Hence, I revert back to my old tool chain, but found a great replacement for bibtex: bibulous. BibTex was among the main reasons why I switched to Pandoc, its over-engineered bibtex style file format is close to unmaintainable for people who didn’t learn Cobol at university! Bibulous works exactly like bibtex, it sits at the same place in the latex typesetting tool chain, take a standard bibliography file as input, etc. The only difference: it’s written in python and its bibliography style definitions are human readable! As an example, let’s have a brief look at the bibtex definition of how to format the bibliography entry of an article:
FUNCTION
{ output.bibitem
list.label.output
" (" list.year * ") " * write$
author "author" item.check
title.field field.used =
if$
crossref missing$
{ journal emphasize "journal" duplicate$ item.check
", " * format.vol.num.pages * output
}
{ format.article.crossref output.nonnull
format.pages output
}
if$
"" publisher * output
new.block
note missing$
{
skip$
}
{
note output
}
if$
fin.entry
}
… somewhere I read that this is written in a Polish notation, meaning, it’s not read from left to right, but the other way round. Also, there’s a complicated stack based system underneath. Well, it comes from the times when assembler was considered a mainstream language, I presume. Now, here’s the same in bibulous format:
# Article
article = <au> (<year>) \enquote{<title>}, \textit{<journal>}, <volume>[ (<number>)|] ...

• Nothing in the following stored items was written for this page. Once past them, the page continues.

lemma cyc_prod_relabel_perm:
  assumes inj: "inj_on h A" and perm: "\<sigma> permutes A" and x: "x \<in> A"
  shows "cyc_prod N (relabel_perm A h \<sigma>) (h x) = cyc_prod (\<lambda>a b. N (h a) (h b)) \<sigma> x"
proof -
  have "(relabel_perm A h \<sigma> ^^ q) (h x) = h x \<longleftrightarrow> (\<sigma> ^^ q) x = x" for q
    using funpow_relabel_perm[OF assms] permutes_in_funpow_image[OF perm x] x inj
    by (auto dest: inj_onD)
  then have "cyc_len (relabel_perm A h \<sigma>) (h x) = cyc_len \<sigma> x"
    by (simp add: cyc_len_def)
  then show ?thesis
    by (simp add: cyc_prod_def funpow_relabel_perm[OF assms] del: funpow.simps)
qed

lemma cycle_leaders_relabel_perm:
  assumes fin: "finite A" and sm: "strict_mono_on A h" and perm: "\<sigma> permutes A" and j: "j \<in> A"
  shows "cycle_leaders (h ` A) (h j) (relabel_perm A h \<sigma>) = map h (cycle_leaders A j \<sigma>)"
proof -
  let ?\<rho> = "relabel_perm A h \<sigma>"
  have inj: "inj_on h A" using sm by (rule strict_mono_on_imp_inj_on)
  have leader_iff: "(h b \<notin> orbit ?\<rho> (h j) \<and> h b = Min (orbit ?\<rho> (h b)))
      \<longleftrightarrow> (b \<notin> orbit \<sigma> j \<and> b = Min (orbit \<sigma> b))" if b: "b \<in> A" for b
  proof -
    have orb: "finite (orbit \<sigma> b)" "orbit \<sigma> b \<noteq> {}" "orbit \<sigma> b \<subseteq> A"
      using orbit_subset_permutes[OF perm b] fin self_in_orbit[of b \<sigma>] finite_subset by auto
    then have "Min (orbit ?\<rho> (h b)) = h (Min (orbit \<sigma> b))" "Min (orbit \<sigma> b) \<in> A"
      using strict_mono_on_Min_image[OF sm orb] orbit_relabel_perm[OF inj perm b] Min_in by auto
    moreover have "h b \<in> h ` orbit \<sigma> j \<longleftrightarrow> b \<in> orbit \<sigma> j"
      using orbit_subset_permutes[OF perm j] b inj by (auto dest: inj_onD)
    ultimately show ?thesis
      unfolding orbit_relabel_perm[OF inj perm j] using b inj by (auto dest: inj_onD)
  qed
  have "{a \<in> h ` A. a \<notin> orbit ?\<rho> (h j) \<and> a = Min (orbit ?\<rho> a)}
      = h ` {b \<in> A. b \<notin> orbit \<sigma> j \<and> b = Min (orbit \<sigma> b)}"
    using leader_iff by auto
  then show ?thesis
    unfolding cycle_leaders_def
    by (simp add: sorted_list_of_set_strict_mono_image[OF sm finite_subset[OF _ fin]])
qed

lemma rdet_on_strict_mono_relabel:
  assumes fin: "finite A" and sm: "strict_mono_on A h" and j: "j \<in> A"
  shows "rdet_on (h ` A) (h j) N = rdet_on A j (\<lambda>a b. N (h a) (h b))"
proof -
  have inj: "inj_on h A" using sm by (rule strict_mono_on_imp_inj_on)
  have relabelled_term: "rdet_term N (h ` A) (h j) (relabel_perm A h \<sigma>) = rdet_term (\<lambda>a b. N (h a) (h b)) A j \<sigma>"
    if perm: "\<sigma> permutes A" for \<sigma>
  proof -
    have "set (cycle_leaders A j \<sigma>) \<subseteq> A" using fin by (auto simp: set_cycle_leaders)
    then have leaders: "map (cyc_prod N (relabel_perm A h \<sigma>)) (map h (cycle_leaders A j \<sigma>))
        = map (cyc_prod (\<lambda>a b. N (h a) (h b)) \<sigma>) (cycle_leaders A j \<sigma>)"
      by (auto simp: cyc_prod_relabel_perm[OF inj perm])
    show ?thesis
      unfolding rdet_term_def cycle_leaders_relabel_perm[OF fin sm perm j] leaders
      by (simp add: card_image[OF inj] cyc_prod_relabel_perm[OF inj perm j])
  qed
  have "bij_betw (relabel_perm A h) {\<sigma>. \<sigma> permutes A} {\<sigma>. \<sigma> permutes h ` A}"
    unfolding relabel_perm_def using inj by (intro bij_betw_permutations) (simp add: bij_betw_def)
  then have "(\<Sum>\<sigma> | \<sigma> permutes A. rdet_term N (h ` A) (h j) (relabel_perm A h \<sigma>)) = rdet_on (h ` A) (h j) N"
    unfolding rdet_on_def by (rule sum.reindex_bij_betw)
  then show ?thesis
    unfolding rdet_on_def by (simp add: relabelled_term)
qed

lemma rdet_principal_sub:
  assumes sorted: "sorted_wrt (<) \<alpha>" and j: "j \<in> set \<alpha>"
  shows "rdet (length \<alpha>) (sub_pos \<alpha> j) (principal_sub N \<alpha>) = rdet_on (set \<alpha>) j N"
proof -
  define h where "h p = \<alpha> ! (p - 1)" for p
  let ?A = "{1..length \<alpha>}"
  have image: "h ` ?A = set \<alpha>"
  proof
    show "set \<alpha> \<subseteq> h ` ?A"
    proof
      fix x assume "x \<in> set \<alpha>"
      then obtain p where "p < length \<alpha>" "\<alpha> ! p = x" by (auto simp: in_set_conv_nth)
      then show "x \<in> h ` ?A" by (auto simp: h_def intro!: image_eqI[of _ _ "Suc p"])
    qed
  qed (auto simp: h_def)
  have mono: "strict_mono_on ?A h"
  proof (rule strict_mono_onI)
    fix r s assume "r \<in> ?A" "s \<in> ?A" "r < s"
    then show "h r < h s" using sorted_wrt_nth_less[OF sorted, of "r - 1" "s - 1"] by (auto simp: h_def)
  qed
  obtain p where p: "p < length \<alpha>" "\<alpha> ! p = j" using j by (auto simp: in_set_conv_nth)
  then have "\<alpha> ! (LEAST p. \<alpha> ! p = j) = j" "(LEAST p. \<alpha> ! p = j) \<le> p"
    by (auto intro: LeastI Least_le)
  then have pos: "sub_pos \<alpha> j \<in> ?A" "h (sub_pos \<alpha> j) = j"
    using p by (auto simp: sub_pos_def h_def)
  have "principal_sub N \<alpha> = (\<lambda>a b. N (h a) (h b))" by (simp add: principal_sub_def h_def)
  then show ?thesis
    unfolding rdet_eq_rdet_on using rdet_on_strict_mono_relabel[OF _ mono pos(1), of N] image pos(2)
    by simp
qed

lemma sum_Iseq_eq_sum_subsets:
  "(\<Sum>\<alpha>\<in>Iseq k m j. g (set \<alpha>)) = (\<Sum>U | j \<in> U \<and> U \<subseteq> {1..m} \<and> card U = k. g U)"
proof (rule sum.reindex_bij_witness[where i=sorted_list_of_set and j=set])
  fix \<alpha> assume "\<alpha> \<in> Iseq k m j"
  then have \<alpha>: "sorted_wrt (<) \<alpha>" "length \<alpha> = k" "set \<alpha> \<subseteq> {1..m}" "j \<in> set \<alpha>"
    by (auto simp: Iseq_def Lseq_def)
  then show "sorted_list_of_set (set \<alpha>) = \<alpha>" by (simp add: sorted_list_of_set_eqI)
  show "set \<alpha> \<in> {U. j \<in> U \<and> U \<subseteq> {1..m} \<and> card U = k}"
    using \<alpha> by (simp add: strict_sorted_iff distinct_card)
next
  fix U assume "U \<in> {U. j \<in> U \<and> U \<subseteq> {1..m} \<and> card U = k}"
  moreover then have "finite U" by (auto intro: finite_subset)
  ultimately show "set (sorted_list_of_set U) = U" and "sorted_list_of_set U \<in> Iseq k m j"
    by (auto simp: Iseq_def Lseq_def)
qed simp

lemma sum_subsets_containing:
  assumes fin: "finite T" and j: "j \<in> T"
  shows "(\<Sum>U | j \<in> U \<and> U \<subseteq> T. g U)
       = (\<Sum>k = 1..card T - 1. \<Sum>U | j \<in> U \<and> U \<subseteq> T \<and> card U = k. g U) + g T"
proof -
  let ?V = "{U. j \<in> U \<and> U \<subseteq> T}"
  have pos: "0 < card T" using j fin card_gt_0_iff by blast
  have "card U \<in> {1..card T}" if "U \<in> ?V" for U
    using that fin card_mono[OF fin] card_gt_0_iff[of U] finite_subset[of U T] by auto
  then have "(\<Sum>U\<in>?V. g U) = (\<Sum>k = 1..card T. \<Sum>U | U \<in> ?V \<and> card U = k. g U)"
    by (intro sum.group[symmetric]) (auto simp: fin)
  also have "{1..card T} = insert (card T) {1..card T - 1}"
    using pos by auto
  also have "(\<Sum>k\<in>insert (card T) {1..card T - 1}. \<Sum>U | U \<in> ?V \<and> card U = k. g U)
      = (\<Sum>k = 1..card T - 1. \<Sum>U | U \<in> ?V \<and> card U = k. g U)
      + (\<Sum>U | U \<in> ?V \<and> card U = card T. g U)"
    using pos by (simp add: add.commute)
  also have "{U. U \<in> ?V \<and> card U = card T} = {T}"
    using j fin by (auto dest: card_subset_eq)
  finally show ?thesis by (simp add: conj_assoc)
qed

theorem lemma4p4:
  fixes A :: qmat and m n :: nat and t :: real
  assumes "i \<in> {1..n}" and "j \<in> {1..m}"
  shows "rdet m j (replace_row (qadd (qsmult t qid) (qmult n A (ctrans A))) j
                      (row (ctrans A) i))
       = (\<Sum>k = 1..m - 1.
            (\<Sum>\<alpha> \<in> Iseq k m j.
               rdet k (sub_pos \<alpha> j)
                 (principal_sub (replace_row (qmult n A (ctrans A)) j (row (ctrans A) i)) \<alpha>))
            * qreal (t ^ (m - k)))
         + rdet m j (replace_row (qmult n A (ctrans A)) j (row (ctrans A) i))"
proof -
  define M where "M = replace_row (qmult n A (ctrans A)) j (row (ctrans A) i)"
  have central: "\<And>x. qreal t * x = x * qreal t" by (rule qreal_mult_commute)
  have shifted: "replace_row (qadd (qsmult t qid) (qmult n A (ctrans A))) j (row (ctrans A) i)
      = add_diag_except j (qreal t) M"
    by (intro ext) (auto simp: M_def replace_row_def qadd_def qsmult_def qid_def add_diag_except_def)
  have layer: "(\<Sum>U | j \<in> U \<and> U \<subseteq> {1..m} \<and> card U = k. qreal t ^ (m - card U) * rdet_on U j M)
      = (\<Sum>\<alpha>\<in>Iseq k m j. rdet k (sub_pos \<alpha> j) (principal_sub M \<alpha>)) * qreal (t ^ (m - k))" for k
  proof -
    have "(\<Sum>\<alpha>\<in>Iseq k m j. rdet k (sub_pos \<alpha> j) (principal_sub M \<alpha>))
        = (\<Sum>U | j \<in> U \<and> U \<subseteq> {1..m} \<and> card U = k. rdet_on U j M)"
      unfolding sum_Iseq_eq_sum_subsets[symmetric]
      by (rule sum.cong) (auto simp: Iseq_def Lseq_def rdet_principal_sub[symmetric])
    then show ?thesis
      by (simp add: sum_distrib_right qreal_power power_commute_central[OF central])
  qed
  have "rdet m j (add_diag_except j (qreal t) M)
      = (\<Sum>U | j \<in> U \<and> U \<subseteq> {1..m}. qreal t ^ (m - card U) * rdet_on U j M)"
    using rdet_on_add_diag_except[OF finite_atLeastAtMost assms(2) central]
    by (simp add: rdet_eq_rdet_on)
  also have "\<dots> = (\<Sum>k = 1..m - 1. \<Sum>U | j \<in> U \<and> U \<subseteq> {1..m} \<and> card U = k.
      qreal t ^ (m - card U) * rdet_on U j M) + rdet m j M"
    unfolding sum_subsets_containing[OF finite_atLeastAtMost assms(2)]
    by (simp add: rdet_eq_rdet_on)
  finally show ?thesis
    unfolding shifted M_def[symmetric] layer .
qed

end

[, pp.~<startpage>--<endpage>|, <startpage>|, <eid>|].[ <note>.]
Doesn’t it look much more readable? Thank you bibulous team. The bibulous web page says something about limitations, but I couldn’t find any yet. I’ll post when I stumble into some.
In conclusion, I say Pandoc is great and I really like the principles of simplicity behind markdown. But unless there’s a good editor like LyX, proper - and I mean proper and not half heartedly - support for referencing, cross referencing and the like, it’s not ready for academic writing. It still rules large parts of web publishing and that’s where it’s absolutely awesome at: I stick with pandoc for the web, and latex+bibulous for academic writing.